REC Solar remains profitable in Q1

REC Solar today reported its second quarterly results as a standalone company, and its second straight quarter of profitability, further vindicating the former REC Group’s decision to split its Solar and Silicon divisions last year.

Singapore-based REC Solar did, however, note that its module production costs rose slightly in the first quarter due in part to a factory fire in March – giving the incident a more serious overtone than previously suggested.

REC Solar chalked up an $11m profit on revenues of $175.4m for the quarter. That compares to a $10.8m profit on revenues of $182.4m during the final quarter of 2013 – the company’s first in the wake of its split with US-based REC Silicon.

Oslo-listed shares of REC Solar rose more than 4% on Friday on the earnings. Despite a period of weakness over the last two months, the shares remain far above the level at which they were listed last October, leaving the company with a market valuation of NKr3.5bn ($580m) – more than China’s Yingli, the world’s largest module maker.

REC Solar’s reputation for high-quality modules has given the company an advantage in the booming Japanese market, and it has also benefited from the minimum import price Europe has imposed on Chinese modules – making quality more of a factory in buying decisions.

As it had previously signaled, REC Solar today confirmed that it will expand its module capacity in Singapore by 300MW – to 1.3GW – by late 2015.

Doing so will “facilitate the introduction of new technologies and broaden our product offering to our client base”, explains chief executive Oyvind Hasaas. “This is an important step for us to strengthen our position in the high-end market segment.”

Things are not uniformly rosy for the company, however.

Hasaas, for one, resigned last month, and will leave REC Solar at the end of June. Ole Enger – the company’s chairman, and the former chief executive of the REC Group – will take on “increased responsibility” while the company looks for a replacement.

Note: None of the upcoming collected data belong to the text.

(* Let $C\subseteq\mathbb{R}^q$ be a nonempty closed convex cone that is not a linear subspace, $\mathcal{X}\subseteq\mathbb{R}^m$ a nonempty convex set, and $\Gamma:\mathbb{R}^m\to\mathbb{R}^q$ a $C$-convex map. Let $k\in\operatorname{ri} C$ and $e^1,\dots,e^{q-1}\in\mathbb{R}^q$ such that $e^1,\dots,e^{q-1},k$ are linearly independent; let $E=(e^1,\dots,e^{q-1})$ and $T=(e^1,\dots,e^{q-1},k)$. Let $\varphi(y)=\inf\{r\in\mathbb{R} : rk-y\in C\}$ and $f(z)=\inf_{x\in\mathcal{X}}\varphi(\Gamma(x)-Ez)$ for $z\in\mathbb{R}^{q-1}$. For $w\in\mathbb{R}^{q-1}$ let $c^*(w)=T^{-T}\begin{pmatrix}w\\1\end{pmatrix}$. Then the conjugate of $f$ is $$f^*(w)=\begin{cases}\left[\langle c^*(-w),\Gamma(\cdot)\rangle+\delta_{\mathcal{X}}\right]^*(0) & \text{if } c^*(-w)\in C^+,\\ +\infty & \text{otherwise,}\end{cases}$$ where $C^+=\{c^*\in\mathbb{R}^q : \langle c^*,c\rangle\ge 0\ \forall c\in C\}$.
   Context: $\Gamma$ is $C$-convex if $(1-t)\Gamma(x_1)+t\Gamma(x_2)-\Gamma((1-t)x_1+tx_2)\in C$ for all $x_1,x_2$, $t\in[0,1]$. $\delta_{\mathcal{X}}$ is the indicator function of $\mathcal{X}$; $g^*(p)=\sup_x(\langle p,x\rangle-g(x))$ denotes the Legendre–Fenchel conjugate, so $[\langle c,\Gamma\rangle+\delta_{\mathcal{X}}]^*(0)=-\inf_{x\in\mathcal{X}}\langle c,\Gamma(x)\rangle$. $T^{-T}$ is the inverse of the transpose of $T$. *)

theory Defs
  imports "HOL-Analysis.Analysis"
begin

text \<open>R^q is modelled as real^('p option) with 'p of cardinality q-1, so that
  R^{q-1} = real^'p and the index None corresponds to the last coordinate.\<close>

definition C_convex :: "('b::real_vector) set \<Rightarrow> ('a::real_vector \<Rightarrow> 'b) \<Rightarrow> bool" where
  "C_convex C \<Gamma> \<longleftrightarrow> (\<forall>x1 x2 t. 0 \<le> t \<and> t \<le> 1 \<longrightarrow>
     (1 - t) *\<^sub>R \<Gamma> x1 + t *\<^sub>R \<Gamma> x2 - \<Gamma> ((1 - t) *\<^sub>R x1 + t *\<^sub>R x2) \<in> C)"

definition dual_cone_plus :: "('a::real_inner) set \<Rightarrow> 'a set" where
  "dual_cone_plus C = {c. \<forall>x\<in>C. 0 \<le> inner c x}"

definition lf_conjugate :: "('a::real_inner \<Rightarrow> ereal) \<Rightarrow> 'a \<Rightarrow> ereal" where
  "lf_conjugate g p = (SUP x. ereal (inner p x) - g x)"

definition ind_fn :: "'a set \<Rightarrow> 'a \<Rightarrow> ereal" where
  "ind_fn X x = (if x \<in> X then 0 else \<infinity>)"

definition scal_phi :: "('a::real_vector) set \<Rightarrow> 'a \<Rightarrow> 'a \<Rightarrow> ereal" where
  "scal_phi C k y = Inf {ereal r | r. r *\<^sub>R k - y \<in> C}"

definition matT :: "real^'p^('p option) \<Rightarrow> real^('p option) \<Rightarrow> real^('p option)^('p option)" where
  "matT E k = (\<chi> i j. case j of Some j' \<Rightarrow> E $ i $ j' | None \<Rightarrow> k $ i)"

definition cstar :: "real^'p^('p option) \<Rightarrow> real^('p option) \<Rightarrow> real^'p \<Rightarrow> real^('p option)" where
  "cstar E k w = matrix_inv (transpose (matT E k)) *v
      (\<chi> j. case j of Some j' \<Rightarrow> w $ j' | None \<Rightarrow> 1)"

end

theory Submission
  imports Defs
begin

text \<open>Let \<open>c = c\<^sup>*(-w)\<close>. By construction \<open>\<langle>c, k\<rangle> = 1\<close> and \<open>\<langle>c, E z\<rangle> = -\<langle>w, z\<rangle>\<close>, and since
  \<open>e\<^sup>1, \<dots>, e\<^sup>q\<^sup>-\<^sup>1, k\<close> is a basis every point of \<open>\<real>\<^sup>q\<close> is \<open>E z + r k\<close>. Writing
  \<open>\<Gamma>(x) + c\<^sub>1 = E z + r k\<close> with \<open>c\<^sub>1 \<in> C\<close> gives \<open>f(z) \<le> r\<close>, hence
  \<open>f\<^sup>*(w) \<ge> \<langle>w, z\<rangle> - r = -\<langle>c, \<Gamma>(x) + c\<^sub>1\<rangle>\<close>.
  If \<open>c \<in> C\<^sup>+\<close>, then \<open>\<phi>(y) \<ge> \<langle>c, y\<rangle>\<close>, which yields the matching upper bound
  \<open>f\<^sup>*(w) \<le> sup {-\<langle>c, \<Gamma>(x)\<rangle> | x \<in> X}\<close>, and the lower bound with \<open>c\<^sub>1 = 0\<close> gives equality.
  Otherwise some \<open>c\<^sub>0 \<in> C\<close> has \<open>\<langle>c, c\<^sub>0\<rangle> < 0\<close>, and \<open>c\<^sub>1 = t c\<^sub>0\<close> with \<open>t \<rightarrow> \<infinity>\<close>
  drives the lower bound to \<open>\<infinity>\<close>. No convexity or closedness is needed.\<close>

lemma scal_phi_le:
  assumes "r *\<^sub>R k - y \<in> C"
  shows "scal_phi C k y \<le> ereal r"
  unfolding scal_phi_def using assms by (intro Inf_lower) blast

lemma inner_le_scal_phi:
  assumes "c \<in> dual_cone_plus C" and "inner c k = 1"
  shows "ereal (inner c y) \<le> scal_phi C k y"
  unfolding scal_phi_def
proof (rule Inf_greatest, clarify)
  fix r assume "r *\<^sub>R k - y \<in> C"
  with assms(1) have "0 \<le> inner c (r *\<^sub>R k - y)"
    unfolding dual_cone_plus_def by blast
  with assms(2) show "ereal (inner c y) \<le> ereal r"
    by (simp add: inner_diff_right)
qed

lemma lf_conjugate_plus_ind_fn_zero:
  "lf_conjugate (\<lambda>x. ereal (g x) + ind_fn X x) 0 = (SUP x\<in>X. ereal (- g x))"
proof -
  have pointwise: "ereal (inner 0 x) - (ereal (g x) + ind_fn X x)
      = (if x \<in> X then ereal (- g x) else -\<infinity>)" for x
    by (simp add: ind_fn_def zero_ereal_def)
  have "lf_conjugate (\<lambda>x. ereal (g x) + ind_fn X x) 0
      = (SUP x. if x \<in> X then ereal (- g x) else -\<infinity>)"
    unfolding lf_conjugate_def by (rule SUP_cong[OF refl pointwise])
  also have "\<dots> = (SUP x\<in>X. ereal (- g x))"
  proof (rule antisym)
    show "(SUP x. if x \<in> X then ereal (- g x) else -\<infinity>) \<le> (SUP x\<in>X. ereal (- g x))"
    proof (rule SUP_least)
      fix x
      show "(if x \<in> X then ereal (- g x) else -\<infinity>) \<le> (SUP x\<in>X. ereal (- g x))"
        using SUP_upper[of x X "\<lambda>x. ereal (- g x)"] by simp
    qed
    show "(SUP x\<in>X. ereal (- g x)) \<le> (SUP x. if x \<in> X then ereal (- g x) else -\<infinity>)"
    proof (rule SUP_least)
      fix x assume "x \<in> X"
      then show "ereal (- g x) \<le> (SUP x. if x \<in> X then ereal (- g x) else -\<infinity>)"
        using SUP_upper[of x UNIV "\<lambda>x. if x \<in> X then ereal (- g x) else -\<infinity>"] by simp
    qed
  qed
  finally show ?thesis .
qed

context
  fixes f :: "'b::real_inner \<Rightarrow> ereal" and L :: "'b \<Rightarrow> 'a::real_inner"
    and \<Gamma> :: "'c \<Rightarrow> 'a" and C :: "'a set" and X :: "'c set" and k c :: 'a and w :: 'b
  assumes f_eq: "\<And>z. f z = (INF x\<in>X. scal_phi C k (\<Gamma> x - L z))"
    and inner_c_k: "inner c k = 1"
    and inner_c_L: "\<And>z. inner c (L z) = - inner w z"
begin

lemma lf_conjugate_lower_bound:
  assumes "x \<in> X" "c1 \<in> C" "\<Gamma> x + c1 = L z + r *\<^sub>R k"
  shows "ereal (- inner c (\<Gamma> x + c1)) \<le> lf_conjugate f w"
proof -
  have "f z \<le> scal_phi C k (\<Gamma> x - L z)"
    unfolding f_eq using assms(1) by (rule INF_lower)
  also have "\<dots> \<le> ereal r"
    by (rule scal_phi_le) (metis assms(2,3) add_diff_cancel_left' diff_diff_eq2)
  finally have "ereal (inner w z) - ereal r \<le> ereal (inner w z) - f z"
    by (rule ereal_minus_mono[OF order_refl])
  also have "\<dots> \<le> lf_conjugate f w"
    unfolding lf_conjugate_def by (rule SUP_upper) simp
  finally show ?thesis
    using assms(3) by (simp add: inner_add_right inner_c_k inner_c_L)
qed

lemma lf_conjugate_le_dual:
  assumes "c \<in> dual_cone_plus C" "X \<noteq> {}"
  shows "lf_conjugate f w \<le> (SUP x\<in>X. ereal (- inner c (\<Gamma> x)))"
  unfolding lf_conjugate_def
proof (rule SUP_least)
  fix z
  have "ereal (inner w z) - scal_phi C k (\<Gamma> x - L z) \<le> ereal (- inner c (\<Gamma> x))" for x
  proof -
    have "ereal (inner w z) - scal_phi C k (\<Gamma> x - L z)
        \<le> ereal (inner w z) - ereal (inner c (\<Gamma> x - L z))"
      by (rule ereal_minus_mono[OF order_refl inner_le_scal_phi[OF assms(1) inner_c_k]])
    then show ?thesis by (simp add: inner_diff_right inner_c_L)
  qed
  then have "(SUP x\<in>X. ereal (inner w z) - scal_phi C k (\<Gamma> x - L z))
      \<le> (SUP x\<in>X. ereal (- inner c (\<Gamma> x)))"
    by (rule SUP_mono')
  then show "ereal (inner w z) - f z \<le> (SUP x\<in>X. ereal (- inner c (\<Gamma> x)))"
    using SUP_ereal_minus_right[OF assms(2)] by (simp add: f_eq)
qed

lemma lf_conjugate_eq_dual:
  assumes "c \<in> dual_cone_plus C" "X \<noteq> {}" "0 \<in> C"
    and span: "\<And>y. \<exists>z r. y = L z + r *\<^sub>R k"
  shows "lf_conjugate f w = (SUP x\<in>X. ereal (- inner c (\<Gamma> x)))"
proof (rule antisym)
  show "lf_conjugate f w \<le> (SUP x\<in>X. ereal (- inner c (\<Gamma> x)))"
    using assms(1,2) by (rule lf_conjugate_le_dual)
  show "(SUP x\<in>X. ereal (- inner c (\<Gamma> x))) \<le> lf_conjugate f w"
  proof (rule SUP_least)
    fix x assume "x \<in> X"
    obtain z r where "\<Gamma> x + 0 = L z + r *\<^sub>R k" using span by blast
    from lf_conjugate_lower_bound[OF \<open>x \<in> X\<close> \<open>0 \<in> C\<close> this]
    show "ereal (- inner c (\<Gamma> x)) \<le> lf_conjugate f w" by simp
  qed
qed

lemma lf_conjugate_eq_top:
  assumes "c \<notin> dual_cone_plus C" "X \<noteq> {}" "cone C"
    and span: "\<And>y. \<exists>z r. y = L z + r *\<^sub>R k"
  shows "lf_conjugate f w = \<infinity>"
proof (rule ereal_top)
  fix B
  obtain c0 where c0: "c0 \<in> C" "inner c c0 < 0"
    using assms(1) unfolding dual_cone_plus_def by force
  obtain x0 where "x0 \<in> X" using assms(2) by blast
  define t where "t = max 0 ((B + inner c (\<Gamma> x0)) / (- inner c c0))"
  have "t \<ge> 0" unfolding t_def by simp
  have "B + inner c (\<Gamma> x0) \<le> t * (- inner c c0)"
    using c0(2) unfolding t_def by (simp add: pos_divide_le_eq max_mult_distrib_right)
  then have "ereal B \<le> ereal (- inner c (\<Gamma> x0 + t *\<^sub>R c0))"
    by (simp add: inner_add_right algebra_simps)
  also obtain z r where "\<Gamma> x0 + t *\<^sub>R c0 = L z + r *\<^sub>R k" using span by blast
  then have "ereal (- inner c (\<Gamma> x0 + t *\<^sub>R c0)) \<le> lf_conjugate f w"
    using \<open>x0 \<in> X\<close> mem_cone[OF assms(3) c0(1) \<open>t \<ge> 0\<close>] by (intro lf_conjugate_lower_bound)
  finally show "ereal B \<le> lf_conjugate f w" .
qed

end

lemma sum_UNIV_option:
  "(\<Sum>j\<in>(UNIV::'p::finite option set). g j) = g None + (\<Sum>j\<in>UNIV. g (Some j))"
  by (simp add: UNIV_option_conv sum.reindex)

lemma matT_mult_vec: "matT E k *v a = E *v (\<chi> j. a $ Some j) + (a $ None) *\<^sub>R k"
  by (simp add: vec_eq_iff matrix_vector_mult_def matT_def sum_UNIV_option algebra_simps)

lemma invertible_matT:
  assumes "\<forall>a. (\<Sum>j\<in>UNIV. a j *\<^sub>R column j (matT E k)) = 0 \<longrightarrow> (\<forall>j. a j = 0)"
  shows "invertible (matT E k)"
proof -
  have "x = 0" if "matT E k *v x = 0" for x
  proof -
    from that have "(\<Sum>j\<in>UNIV. (x $ j) *\<^sub>R column j (matT E k)) = 0"
      by (simp add: matrix_mult_sum scalar_mult_eq_scaleR)
    with assms show "x = 0" by (simp add: vec_eq_iff)
  qed
  then show ?thesis using matrix_left_invertible_ker invertible_left_inverse by blast
qed

lemma matT_span:
  assumes "invertible (matT E k)"
  shows "\<exists>z r. y = E *v z + r *\<^sub>R k"
proof -
  obtain A' where "matT E k ** A' = mat 1" using assms invertible_def by blast
  then have "matT E k *v (A' *v y) = y" by (simp add: matrix_vector_mul_assoc)
  then show ?thesis by (metis matT_mult_vec)
qed

lemma transpose_matT_mult_cstar:
  assumes "invertible (matT E k)"
  shows "transpose (matT E k) *v cstar E k u = (\<chi> j. case j of Some j' \<Rightarrow> u $ j' | None \<Rightarrow> 1)"
proof -
  have "invertible (transpose (matT E k))" using assms transpose_invertible by blast
  then have "transpose (matT E k) ** matrix_inv (transpose (matT E k)) = mat 1"
    unfolding matrix_inv_def invertible_def by (rule someI_ex[THEN conjunct1])
  then show ?thesis unfolding cstar_def by (simp add: matrix_vector_mul_assoc)
qed

lemma inner_cstar:
  assumes "invertible (matT E k)"
  shows "inner (cstar E k u) (E *v z + r *\<^sub>R k) = inner u z + r"
proof -
  define a where "a = (\<chi> j. case j of Some j' \<Rightarrow> z $ j' | None \<Rightarrow> r)"
  have "E *v z + r *\<^sub>R k = matT E k *v a"
    by (simp add: matT_mult_vec a_def)
  then have "inner (cstar E k u) (E *v z + r *\<^sub>R k) = inner (transpose (matT E k) *v cstar E k u) a"
    by (metis dot_lmul_matrix transpose_transpose vector_transpose_matrix)
  also have "\<dots> = inner (\<chi> j. case j of Some j' \<Rightarrow> u $ j' | None \<Rightarrow> 1) a"
    by (simp only: transpose_matT_mult_cstar[OF assms])
  also have "\<dots> = inner u z + r"
    by (simp add: a_def inner_vec_def sum_UNIV_option add.commute)
  finally show ?thesis .
qed

theorem proposition5p5:
  fixes C :: "(real^('p::finite option)) set"
    and X :: "(real^('m::finite)) set"
    and \<Gamma> :: "real^'m \<Rightarrow> real^('p option)"
    and k :: "real^('p option)"
    and E :: "real^'p^('p option)"
    and f :: "real^'p \<Rightarrow> ereal"
  assumes "C \<noteq> {}" "closed C" "convex C" "cone C" "\<not> subspace C"
    and "X \<noteq> {}" "convex X"
    and "C_convex C \<Gamma>"
    and "k \<in> rel_interior C"
    and "\<forall>a. (\<Sum>j\<in>UNIV. a j *\<^sub>R column j (matT E k)) = 0 \<longrightarrow> (\<forall>j. a j = 0)"
    and "\<forall>z. f z = (INF x\<in>X. scal_phi C k (\<Gamma> x - E *v z))"
  shows "lf_conjugate f w =
    (if cstar E k (-w) \<in> dual_cone_plus C
     then lf_conjugate (\<lambda>x. ereal (inner (cstar E k (-w)) (\<Gamma> x)) + ind_fn X x) 0
     else \<infinity>)"
proof -
  have inv: "invertible (matT E k)" using assms(10) by (rule invertible_matT)
  note span = matT_span[OF inv]
  have c_k: "inner (cstar E k (-w)) k = 1"
    using inner_cstar[OF inv, of "-w" 0 1] by simp
  have c_E: "inner (cstar E k (-w)) (E *v z) = - inner w z" for z
    using inner_cstar[OF inv, of "-w" z 0] by simp
  have "0 \<in> C" using assms(1,4) cone_contains_0 by blast
  note f_eq = assms(11)[rule_format]
  show ?thesis
  proof (cases "cstar E k (-w) \<in> dual_cone_plus C")
    case True
    from lf_conjugate_eq_dual[where L = "\<lambda>z. E *v z", OF f_eq c_k c_E True assms(6) \<open>0 \<in> C\<close> span]
    show ?thesis using True by (simp only: lf_conjugate_plus_ind_fn_zero if_True)
  next
    case False
    from lf_conjugate_eq_top[where L = "\<lambda>z. E *v z", OF f_eq c_k c_E False assms(6,4) span]
    show ?thesis using False by (simp only: if_False)
  qed
qed

end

The company also acknowledged that its solar panel cash costs rose $0.03/W during the quarter, to $0.67/W. It blames the increase on its lower overall production volumes – the result of debottlenecking processes at its existing lines – and the March fire, which resulted in two of its eight cell lines being taken off line for six weeks.

As a result, REC Solar expects to produce just 734MW of cells this year, compared to 940MW of modules, making up the difference via external sourcing.

The company says it still intends to meet its previous guidance of lowering its panel cash costs by 8-12% this year, although its performance will likely come in at the lower range of that forecast.